(* The class of data languages accepted by SAFA is closed under concatenation: for any SAFA $M_1,M_2$ over $\Sigma\times D$, there is a SAFA $M$ with $L(M)=\{uv: u\in L(M_1),\ v\in L(M_2)\}$.
   Context: $D$ is a fixed countably infinite set of data values; for a finite alphabet $\Sigma$, data words are elements of $(\Sigma\times D)^*$. A set augmented finite automaton (SAFA) is a tuple $M=(Q,\Sigma\times D,q_0,F,H,\delta)$: $Q$ finite set of states, $q_0\in Q$ initial, $F\subseteq Q$ final, $H=\{h_1,\dots,h_m\}$ a finite collection of (names of) sets of data values, $\delta\subseteq Q\times\Sigma\times C\times OP\times Q$ with $C=\{p(h_i),\,!p(h_i): h_i\in H\}$, $OP=\{-\}\cup\{\mathsf{ins}(h_i):h_i\in H\}$. Configurations are $(q,\langle S_1,\dots,S_m\rangle)$ with $S_i\subseteq D$ finite; initially state $q_0$ and all sets empty. On reading $(a,d)$, a transition $(q,a,\alpha,op,q')$ from the current state may be taken if $\alpha=p(h_i)$ and $d\in S_i$, or $\alpha=\,!p(h_i)$ and $d\notin S_i$; then the state becomes $q'$ and if $op=\mathsf{ins}(h_j)$ the value $d$ is added to $S_j$ ($op=-$ changes nothing). A word is accepted if some run reads it entirely and ends in $F$; $L(M)$ is the set of accepted words. *)

theory Defs
  imports Main "HOL-Library.Countable"
begin

text \<open>The data domain D is a type 'd
  that is countable and infinite; the finite alphabet is a type 'a of class finite.
  The set names H = {h_0,...,h_(m-1)} are represented by indices i < m.\<close>

datatype safa_cond = Mem nat | NotMem nat
datatype safa_op = NoOp | Ins nat

record ('q, 'a) safa =
  sa_states :: "'q set"
  sa_init   :: 'q
  sa_final  :: "'q set"
  sa_nsets  :: nat
  sa_trans  :: "('q \<times> 'a \<times> safa_cond \<times> safa_op \<times> 'q) set"

fun cond_idx :: "safa_cond \<Rightarrow> nat" where
  "cond_idx (Mem i) = i" | "cond_idx (NotMem i) = i"

fun op_ok :: "nat \<Rightarrow> safa_op \<Rightarrow> bool" where
  "op_ok m NoOp = True" | "op_ok m (Ins j) = (j < m)"

definition wf_safa :: "('q, 'a) safa \<Rightarrow> bool" where
  "wf_safa M \<longleftrightarrow> finite (sa_states M) \<and> sa_init M \<in> sa_states M
     \<and> sa_final M \<subseteq> sa_states M
     \<and> (\<forall>(q, a, c, o', q') \<in> sa_trans M. q \<in> sa_states M \<and> q' \<in> sa_states M
            \<and> cond_idx c < sa_nsets M \<and> op_ok (sa_nsets M) o')"

fun cond_holds :: "safa_cond \<Rightarrow> (nat \<Rightarrow> 'd set) \<Rightarrow> 'd \<Rightarrow> bool" where
  "cond_holds (Mem i) S d = (d \<in> S i)"
| "cond_holds (NotMem i) S d = (d \<notin> S i)"

fun apply_op :: "safa_op \<Rightarrow> 'd \<Rightarrow> (nat \<Rightarrow> 'd set) \<Rightarrow> (nat \<Rightarrow> 'd set)" where
  "apply_op NoOp d S = S"
| "apply_op (Ins j) d S = S(j := insert d (S j))"

inductive safa_run :: "('q, 'a) safa \<Rightarrow> 'q \<Rightarrow> (nat \<Rightarrow> 'd set) \<Rightarrow> ('a \<times> 'd) list \<Rightarrow> 'q \<Rightarrow> bool"
  for M where
  nil: "safa_run M q S [] q"
| cons: "\<lbrakk> (q, a, c, o', q') \<in> sa_trans M; cond_holds c S d;
          safa_run M q' (apply_op o' d S) w q'' \<rbrakk>
         \<Longrightarrow> safa_run M q S ((a, d) # w) q''"

definition safa_lang :: "('q, 'a) safa \<Rightarrow> ('a \<times> 'd) list set" where
  "safa_lang M = {w. \<exists>q. safa_run M (sa_init M) (\<lambda>_. {}) w q \<and> q \<in> sa_final M}"

end

theory Submission
  imports Defs "HOL-Library.Countable_Set"
begin

(* The automaton for the concatenation runs M1 and then M2 on the disjoint union of their
   states, with the sets of M2 renumbered to lie above those of M1. Each final state of M1
   also gets the transitions leaving the initial state of M2, which simulates the switch
   without an epsilon move. Since M1 never inserts into the sets of M2, these are still empty
   at the switch; since M2 never tests the sets of M1, their contents do not matter afterwards. *)

definition reads_within :: "('q, 'a) safa \<Rightarrow> nat set \<Rightarrow> bool" where
  "reads_within M J \<longleftrightarrow> (\<forall>(q, a, c, o', q') \<in> sa_trans M. cond_idx c \<in> J)"

definition writes_within :: "('q, 'a) safa \<Rightarrow> nat set \<Rightarrow> bool" where
  "writes_within M I \<longleftrightarrow>
     (\<forall>(q, a, c, o', q') \<in> sa_trans M. \<forall>j. o' = Ins j \<longrightarrow> j \<in> I)"

lemma reads_withinD:
  "reads_within M J \<Longrightarrow> (q, a, c, o', q') \<in> sa_trans M \<Longrightarrow> cond_idx c \<in> J"
  unfolding reads_within_def by auto

lemma writes_withinD:
  "writes_within M I \<Longrightarrow> (q, a, c, Ins j, q') \<in> sa_trans M \<Longrightarrow> j \<in> I"
  unfolding writes_within_def by auto

lemma wf_safa_transD:
  assumes "wf_safa M" and "(q, a, c, o', q') \<in> sa_trans M"
  shows "q \<in> sa_states M" "q' \<in> sa_states M" "cond_idx c < sa_nsets M" "op_ok (sa_nsets M) o'"
  using assms unfolding wf_safa_def by fast+

lemma wf_safaI:
  assumes "finite (sa_states M)" and "sa_init M \<in> sa_states M" and "sa_final M \<subseteq> sa_states M"
    and "\<And>q a c o' q'. (q, a, c, o', q') \<in> sa_trans M \<Longrightarrow>
      q \<in> sa_states M \<and> q' \<in> sa_states M \<and> cond_idx c < sa_nsets M \<and> op_ok (sa_nsets M) o'"
  shows "wf_safa M"
  using assms unfolding wf_safa_def by fast

lemma writes_within_nsets: "wf_safa M \<Longrightarrow> writes_within M {..<sa_nsets M}"
  unfolding writes_within_def by (fastforce dest: wf_safa_transD(4))

lemma cond_holds_cong:
  "cond_idx c \<in> J \<Longrightarrow> \<forall>j\<in>J. S j = S' j \<Longrightarrow> cond_holds c S d = cond_holds c S' d"
  by (cases c) auto

lemma apply_op_cong:
  "\<forall>j\<in>J. S j = S' j \<Longrightarrow> \<forall>j\<in>J. apply_op o' d S j = apply_op o' d S' j"
  by (cases o') auto

lemma apply_op_keeps_empty:
  assumes "writes_within M I" and "(q, a, c, o', q') \<in> sa_trans M" and "I \<inter> J = {}"
    and "\<forall>j\<in>J. S j = {}"
  shows "\<forall>j\<in>J. apply_op o' d S j = {}"
  using assms by (cases o') (auto dest: writes_withinD)

lemma safa_run_Nil_iff [simp]: "safa_run M q S [] p \<longleftrightarrow> p = q"
  by (auto elim: safa_run.cases intro: safa_run.nil)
========
Task goal :: Repeat the data precisely, line by line.

Solution to this exercise ::
(* The class of data languages accepted by SAFA is closed under concatenation: for any SAFA $M_1,M_2$ over $\Sigma\times D$, there is a SAFA $M$ with $L(M)=\{uv: u\in L(M_1),\ v\in L(M_2)\}$.
   Context: $D$ is a fixed countably infinite set of data values; for a finite alphabet $\Sigma$, data words are elements of $(\Sigma\times D)^*$. A set augmented finite automaton (SAFA) is a tuple $M=(Q,\Sigma\times D,q_0,F,H,\delta)$: $Q$ finite set of states, $q_0\in Q$ initial, $F\subseteq Q$ final, $H=\{h_1,\dots,h_m\}$ a finite collection of (names of) sets of data values, $\delta\subseteq Q\times\Sigma\times C\times OP\times Q$ with $C=\{p(h_i),\,!p(h_i): h_i\in H\}$, $OP=\{-\}\cup\{\mathsf{ins}(h_i):h_i\in H\}$. Configurations are $(q,\langle S_1,\dots,S_m\rangle)$ with $S_i\subseteq D$ finite; initially state $q_0$ and all sets empty. On reading $(a,d)$, a transition $(q,a,\alpha,op,q')$ from the current state may be taken if $\alpha=p(h_i)$ and $d\in S_i$, or $\alpha=\,!p(h_i)$ and $d\notin S_i$; then the state becomes $q'$ and if $op=\mathsf{ins}(h_j)$ the value $d$ is added to $S_j$ ($op=-$ changes nothing). A word is accepted if some run reads it entirely and ends in $F$; $L(M)$ is the set of accepted words. *)

theory Defs
  imports Main "HOL-Library.Countable"
begin

text \<open>The data domain D is a type 'd
  that is countable and infinite; the finite alphabet is a type 'a of class finite.
  The set names H = {h_0,...,h_(m-1)} are represented by indices i < m.\<close>

datatype safa_cond = Mem nat | NotMem nat
datatype safa_op = NoOp | Ins nat

record ('q, 'a) safa =
  sa_states :: "'q set"
  sa_init   :: 'q
  sa_final  :: "'q set"
  sa_nsets  :: nat
  sa_trans  :: "('q \<times> 'a \<times> safa_cond \<times> safa_op \<times> 'q) set"

fun cond_idx :: "safa_cond \<Rightarrow> nat" where
  "cond_idx (Mem i) = i" | "cond_idx (NotMem i) = i"

fun op_ok :: "nat \<Rightarrow> safa_op \<Rightarrow> bool" where
  "op_ok m NoOp = True" | "op_ok m (Ins j) = (j < m)"

definition wf_safa :: "('q, 'a) safa \<Rightarrow> bool" where
  "wf_safa M \<longleftrightarrow> finite (sa_states M) \<and> sa_init M \<in> sa_states M
     \<and> sa_final M \<subseteq> sa_states M
     \<and> (\<forall>(q, a, c, o', q') \<in> sa_trans M. q \<in> sa_states M \<and> q' \<in> sa_states M
            \<and> cond_idx c < sa_nsets M \<and> op_ok (sa_nsets M) o')"

fun cond_holds :: "safa_cond \<Rightarrow> (nat \<Rightarrow> 'd set) \<Rightarrow> 'd \<Rightarrow> bool" where
  "cond_holds (Mem i) S d = (d \<in> S i)"
| "cond_holds (NotMem i) S d = (d \<notin> S i)"

fun apply_op :: "safa_op \<Rightarrow> 'd \<Rightarrow> (nat \<Rightarrow> 'd set) \<Rightarrow> (nat \<Rightarrow> 'd set)" where
  "apply_op NoOp d S = S"
| "apply_op (Ins j) d S = S(j := insert d (S j))"

inductive safa_run :: "('q, 'a) safa \<Rightarrow> 'q \<Rightarrow> (nat \<Rightarrow> 'd set) \<Rightarrow> ('a \<times> 'd) list \<Rightarrow> 'q \<Rightarrow> bool"
  for M where
  nil: "safa_run M q S [] q"
| cons: "\<lbrakk> (q, a, c, o', q') \<in> sa_trans M; cond_holds c S d;
          safa_run M q' (apply_op o' d S) w q'' \<rbrakk>
         \<Longrightarrow> safa_run M q S ((a, d) # w) q''"

definition safa_lang :: "('q, 'a) safa \<Rightarrow> ('a \<times> 'd) list set" where
  "safa_lang M = {w. \<exists>q. safa_run M (sa_init M) (\<lambda>_. {}) w q \<and> q \<in> sa_final M}"

end

theory Submission
  imports Defs "HOL-Library.Countable_Set"
begin

(* The automaton for the concatenation runs M1 and then M2 on the disjoint union of their
   states, with the sets of M2 renumbered to lie above those of M1. Each final state of M1
   also gets the transitions leaving the initial state of M2, which simulates the switch
   without an epsilon move. Since M1 never inserts into the sets of M2, these are still empty
   at the switch; since M2 never tests the sets of M1, their contents do not matter afterwards. *)

definition reads_within :: "('q, 'a) safa \<Rightarrow> nat set \<Rightarrow> bool" where
  "reads_within M J \<longleftrightarrow> (\<forall>(q, a, c, o', q') \<in> sa_trans M. cond_idx c \<in> J)"

definition writes_within :: "('q, 'a) safa \<Rightarrow> nat set \<Rightarrow> bool" where
  "writes_within M I \<longleftrightarrow>
     (\<forall>(q, a, c, o', q') \<in> sa_trans M. \<forall>j. o' = Ins j \<longrightarrow> j \<in> I)"

lemma reads_withinD:
  "reads_within M J \<Longrightarrow> (q, a, c, o', q') \<in> sa_trans M \<Longrightarrow> cond_idx c \<in> J"
  unfolding reads_within_def by auto

lemma writes_withinD:
  "writes_within M I \<Longrightarrow> (q, a, c, Ins j, q') \<in> sa_trans M \<Longrightarrow> j \<in> I"
  unfolding writes_within_def by auto

lemma wf_safa_transD:
  assumes "wf_safa M" and "(q, a, c, o', q') \<in> sa_trans M"
  shows "q \<in> sa_states M" "q' \<in> sa_states M" "cond_idx c < sa_nsets M" "op_ok (sa_nsets M) o'"
  using assms unfolding wf_safa_def by fast+

lemma wf_safaI:
  assumes "finite (sa_states M)" and "sa_init M \<in> sa_states M" and "sa_final M \<subseteq> sa_states M"
    and "\<And>q a c o' q'. (q, a, c, o', q') \<in> sa_trans M \<Longrightarrow>
      q \<in> sa_states M \<and> q' \<in> sa_states M \<and> cond_idx c < sa_nsets M \<and> op_ok (sa_nsets M) o'"
  shows "wf_safa M"
  using assms unfolding wf_safa_def by fast

lemma writes_within_nsets: "wf_safa M \<Longrightarrow> writes_within M {..<sa_nsets M}"
  unfolding writes_within_def by (fastforce dest: wf_safa_transD(4))

lemma cond_holds_cong:
  "cond_idx c \<in> J \<Longrightarrow> \<forall>j\<in>J. S j = S' j \<Longrightarrow> cond_holds c S d = cond_holds c S' d"
  by (cases c) auto

lemma apply_op_cong:
  "\<forall>j\<in>J. S j = S' j \<Longrightarrow> \<forall>j\<in>J. apply_op o' d S j = apply_op o' d S' j"
  by (cases o') auto

lemma apply_op_keeps_empty:
  assumes "writes_within M I" and "(q, a, c, o', q') \<in> sa_trans M" and "I \<inter> J = {}"
    and "\<forall>j\<in>J. S j = {}"
  shows "\<forall>j\<in>J. apply_op o' d S j = {}"
  using assms by (cases o') (auto dest: writes_withinD)

lemma safa_run_Nil_iff [simp]: "safa_run M q S [] p \<longleftrightarrow> p = q"
  by (auto elim: safa_run.cases intro: safa_run.nil)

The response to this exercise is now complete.